Out of curiosity: USAID assistance to Burundi grew in 2010, primarily through the addition of health programs: malaria prevention and childhood nutrition. Out of $40.5 million in 2010 (estimated), only $275,000 fall into the “security and stabilization” category. Then again, that’s about 300 AK-47s, based on my google search for “cost of ak 47.” Here’s the fact sheet: http://www.usaid.gov/locations/sub-saharan_africa/countries/burundi/burundi_fs.pdf.
My tutee and I missed our last appointment as he had a meeting with his translator to go over some information for his immigration hearing. He is here as a political asylee, as are many like him from other countries in Africa, probably also with misguided travel warnings ignoring systematic corruption, violence, and lack of transparency, democratic process, or freedom of speech.
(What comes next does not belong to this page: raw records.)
text \<open>A maximiser of the Rayleigh quotient on the unit sphere of the orthogonal complement of
  eigenvectors is itself an eigenvector: perturbing it in the direction of the residual
  \<open>w = A x - \<mu> x\<close> raises the quotient to first order by \<open>2 t |w|\<^sup>2\<close>.\<close>

lemma rayleigh_maximizer_eigenvector:
  assumes sym: "\<forall>i<n. \<forall>j<n. A i j = A j i"
    and eig: "\<forall>j<k. \<forall>i<n. mat_vec n A (v j) i = lam j * v j i"
    and x: "x \<in> orth_unit_sphere n k v"
    and max: "\<forall>y\<in>orth_unit_sphere n k v. quad_form n A y \<le> quad_form n A x"
  shows "\<forall>i<n. mat_vec n A x i = quad_form n A x * x i"
proof -
  define \<mu> where "\<mu> = quad_form n A x"
  define w where "w i = mat_vec n A x i - \<mu> * x i" for i
  have x1: "dot n x x = 1" and xv: "\<forall>j<k. dot n x (v j) = 0"
    using x by (auto simp: orth_unit_sphere_def)
  have wv: "dot n w (v j) = 0" if "j < k" for j
  proof -
    have "dot n (mat_vec n A x) (v j) = dot n x (\<lambda>i. lam j * v j i)"
      using eig that by (simp add: mat_vec_symmetric[OF sym] cong: dot_cong)
    then show ?thesis
      using xv that by (simp add: w_def[abs_def] dot_diff_left dot_mult_left dot_mult_right)
  qed
  have wx: "dot n w x = 0"
    using x1 by (simp add: w_def[abs_def] dot_diff_left dot_mult_left \<mu>_def quad_form_def dot_commute)
  have xAw: "dot n x (mat_vec n A w) = dot n w w"
  proof -
    have "dot n x (mat_vec n A w) = dot n (\<lambda>i. w i + \<mu> * x i) w"
      by (simp add: mat_vec_symmetric[OF sym, symmetric] w_def)
    then show ?thesis
      using wx by (simp add: dot_add_left dot_mult_left dot_commute[of n x])
  qed
  have "t * dot n w w \<le> t\<^sup>2 * (\<mu> * dot n w w - quad_form n A w)" if t: "t > 0" for t
  proof -
    have "\<forall>j<k. dot n (\<lambda>i. x i + t * w i) (v j) = 0"
      using xv wv by (simp add: dot_add_left dot_mult_left)
    then have "quad_form n A (\<lambda>i. x i + t * w i) \<le> \<mu> * dot n (\<lambda>i. x i + t * w i) (\<lambda>i. x i + t * w i)"
      using quad_form_le_max[OF x max] by (simp add: \<mu>_def)
    then have "2 * t * dot n w w \<le> t\<^sup>2 * (\<mu> * dot n w w - quad_form n A w)"
      using x1 wx xAw
      by (simp add: dot_add_mult_self quad_form_add_mult[OF sym] dot_commute[of n x w] \<mu>_def
          algebra_simps)
    moreover have "t * dot n w w \<le> 2 * t * dot n w w"
      using t dot_self_nonneg[of n w] by simp
    ultimately show ?thesis
      by linarith
  qed
  then have "dot n w w \<le> 0"
    by (rule nonpos_if_linear_le_quadratic)
  then have "dot n w w = 0"
    using dot_self_nonneg[of n w] by linarith
  then have "\<forall>i<n. w i = 0"
    by (simp add: dot_self_eq_0_iff)
  then show ?thesis
    by (simp add: w_def \<mu>_def)
qed

lemma symmetric_orthonormal_eigenvectors:
  assumes sym: "\<forall>i<n. \<forall>j<n. A i j = A j i" and "k \<le> n"
  shows "\<exists>lam v. orthonormal_on n {..<k} v \<and> (\<forall>j<k. \<forall>i<n. mat_vec n A (v j) i = lam j * v j i)"
  using \<open>k \<le> n\<close>
proof (induction k)
  case 0
  then show ?case by (auto simp: orthonormal_on_def)
next
  case (Suc k)
  then obtain lam v where v: "orthonormal_on n {..<k} v"
    and eig: "\<forall>j<k. \<forall>i<n. mat_vec n A (v j) i = lam j * v j i"
    by auto
  have "continuous_on (orth_unit_sphere n k v) (\<lambda>x. quad_form n A x)"
    unfolding quad_form_def
    by (intro continuous_on_dot continuous_on_mat_vec continuous_on_coordinate)
  then obtain x where x: "x \<in> orth_unit_sphere n k v"
    and max: "\<forall>y\<in>orth_unit_sphere n k v. quad_form n A y \<le> quad_form n A x"
    using continuous_attains_sup[OF compact_orth_unit_sphere orth_unit_sphere_nonempty[OF v]]
      Suc.prems by auto
  have "orthonormal_on n {..<Suc k} (v(k := x))"
    using x by (intro orthonormal_on_extend[OF v]) (auto simp: orth_unit_sphere_def)
  moreover have "\<forall>j<Suc k. \<forall>i<n. mat_vec n A ((v(k := x)) j) i = (lam(k := quad_form n A x)) j * (v(k := x)) j i"
    using eig rayleigh_maximizer_eigenvector[OF sym eig x max] by (simp add: less_Suc_eq)
  ultimately show ?case by blast
qed

lemma mat_orth_eigenbasis_exists:
  assumes "\<forall>i<n. \<forall>j<n. D i j = D j i"
  shows "\<exists>lam phi. mat_orth_eigenbasis n D lam phi"
  using symmetric_orthonormal_eigenvectors[OF assms order_refl] by (simp add: mat_orth_eigenbasis_iff)

abbreviation lebesgue01 :: "real measure" where
  "lebesgue01 \<equiv> lebesgue_on {0..1}"

lemma finite_measure_lebesgue01: "finite_measure lebesgue01"
  by (rule finite_measure_lebesgue_on) (simp add: lmeasurable_cbox[of 0 1, simplified])

lemma measure_lebesgue01_Ico:
  assumes "0 \<le> a" "a \<le> b" "b \<le> 1"
  shows "measure lebesgue01 {a..<b} = b - a"
  using assms by (subst measure_restrict_space) auto

subsection \<open>Square integrable functions on the unit interval\<close>

lemma L2_borel_measurable: "f \<in> L2 \<Longrightarrow> f \<in> borel_measurable lebesgue01"
  and L2_integrable_square: "f \<in> L2 \<Longrightarrow> integrable lebesgue01 (\<lambda>x. (f x)\<^sup>2)"
  by (simp_all add: L2_def)

lemma integrable_L2_mult:
  assumes "f \<in> L2" "g \<in> L2"
  shows "integrable lebesgue01 (\<lambda>x. f x * g x)"
proof (rule Bochner_Integration.integrable_bound)
  show "integrable lebesgue01 (\<lambda>x. (f x)\<^sup>2 + (g x)\<^sup>2)"
    using assms by (simp add: L2_integrable_square)
  show "(\<lambda>x. f x * g x) \<in> borel_measurable lebesgue01"
    using assms by (intro borel_measurable_times L2_borel_measurable)
  have "\<bar>a * b\<bar> \<le> a\<^sup>2 + b\<^sup>2" for a b :: real
  proof -
    have "2 * (\<bar>a\<bar> * \<bar>b\<bar>) \<le> a\<^sup>2 + b\<^sup>2"
      using sum_squares_bound[of "\<bar>a\<bar>" "\<bar>b\<bar>"] by (simp add: mult.assoc)
    moreover have "0 \<le> \<bar>a\<bar> * \<bar>b\<bar>"
      by simp
    ultimately show ?thesis
      unfolding abs_mult by linarith
  qed
  then show "AE x in lebesgue01. norm (f x * g x) \<le> norm ((f x)\<^sup>2 + (g x)\<^sup>2)"
    by simp
qed

lemma L2_bounded:
  assumes "f \<in> borel_measurable lebesgue01" "\<And>x. \<bar>f x\<bar> \<le> B"
  shows "f \<in> L2"
proof -
  have "(f x)\<^sup>2 \<le> B\<^sup>2" for x
    using power_mono[OF assms(2)[of x] abs_ge_zero, of 2] by simp
  then have "integrable lebesgue01 (\<lambda>x. (f x)\<^sup>2)"
    using assms(1) by (intro finite_measure.integrable_const_bound[OF finite_measure_lebesgue01]) auto
  then show ?thesis
    using assms(1) by (simp add: L2_def)
qed

lemma L2_indicator: "A \<in> sets lebesgue01 \<Longrightarrow> indicator A \<in> L2"
  by (rule L2_bounded[of _ 1]) (auto simp: indicator_def)

lemma L2_const: "(\<lambda>x. c) \<in> L2"
  by (rule L2_bounded[of _ "\<bar>c\<bar>"]) auto

lemma L2_mult: "f \<in> L2 \<Longrightarrow> (\<lambda>x. c * f x) \<in> L2"
  by (simp add: L2_def power_mult_distrib borel_measurable_times)

lemma L2_add:
  assumes "f \<in> L2" "g \<in> L2"
  shows "(\<lambda>x. f x + g x) \<in> L2"
proof -
  have "integrable lebesgue01 (\<lambda>x. (f x)\<^sup>2 + 2 * (f x * g x) + (g x)\<^sup>2)"
    using assms integrable_L2_mult by (simp add: L2_integrable_square)
  moreover have "(\<lambda>x. (f x + g x)\<^sup>2) = (\<lambda>x. (f x)\<^sup>2 + 2 * (f x * g x) + (g x)\<^sup>2)"
    by (simp add: power2_sum algebra_simps)
  ultimately show ?thesis
    using assms by (simp add: L2_def borel_measurable_add)
qed

lemma L2_diff: "f \<in> L2 \<Longrightarrow> g \<in> L2 \<Longrightarrow> (\<lambda>x. f x - g x) \<in> L2"
  using L2_add[OF _ L2_mult[of g "-1"]] by simp

lemma L2_sum: "(\<And>i. i \<in> I \<Longrightarrow> f i \<in> L2) \<Longrightarrow> (\<lambda>x. \<Sum>i\<in>I. f i x) \<in> L2"
  by (induction I rule: infinite_finite_induct) (auto intro!: L2_add simp: L2_const[of 0, simplified])

lemma integrable_L2: "f \<in> L2 \<Longrightarrow> integrable lebesgue01 f"
  using integrable_L2_mult[OF _ L2_const, of f 1] by simp

lemma l2_inner_commute: "l2_inner f g = l2_inner g f"
  by (simp add: l2_inner_def mult.commute)

lemma l2_inner_self_nonneg: "l2_inner f f \<ge> 0"
  by (simp add: l2_inner_def)

lemma l2_inner_mult_left: "l2_inner (\<lambda>x. c * f x) g = c * l2_inner f g"
  by (simp add: l2_inner_def mult.assoc)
Without legal status, there is almost nothing anyone can do for these asylees; it is a struggle to meet basic needs such as food and medical attention, and virtually impossible to achieve longer-term psychological counseling, job placement, and hopefully, someday, reunion with his family somewhere they will be safe.
I feel awkward, self-conscious, guilty when I try to explain the word “blood”. How do you explain something so tied to pain, to family, to land, to honor, to injury? I show him a cut; I try to mime something spurting out of my arm; I point to veins and try to explain it’s the red stuff inside. Ahhh! Recognition dawns and he writes damu (phonetic damm) in Swahili. It’s the same, incidentally, in Arabic and Hebrew. Lots of Swahili words come from the Arabic, I learn. And so here we are, back to the Middle East, and its own devastating post-colonial victimhood.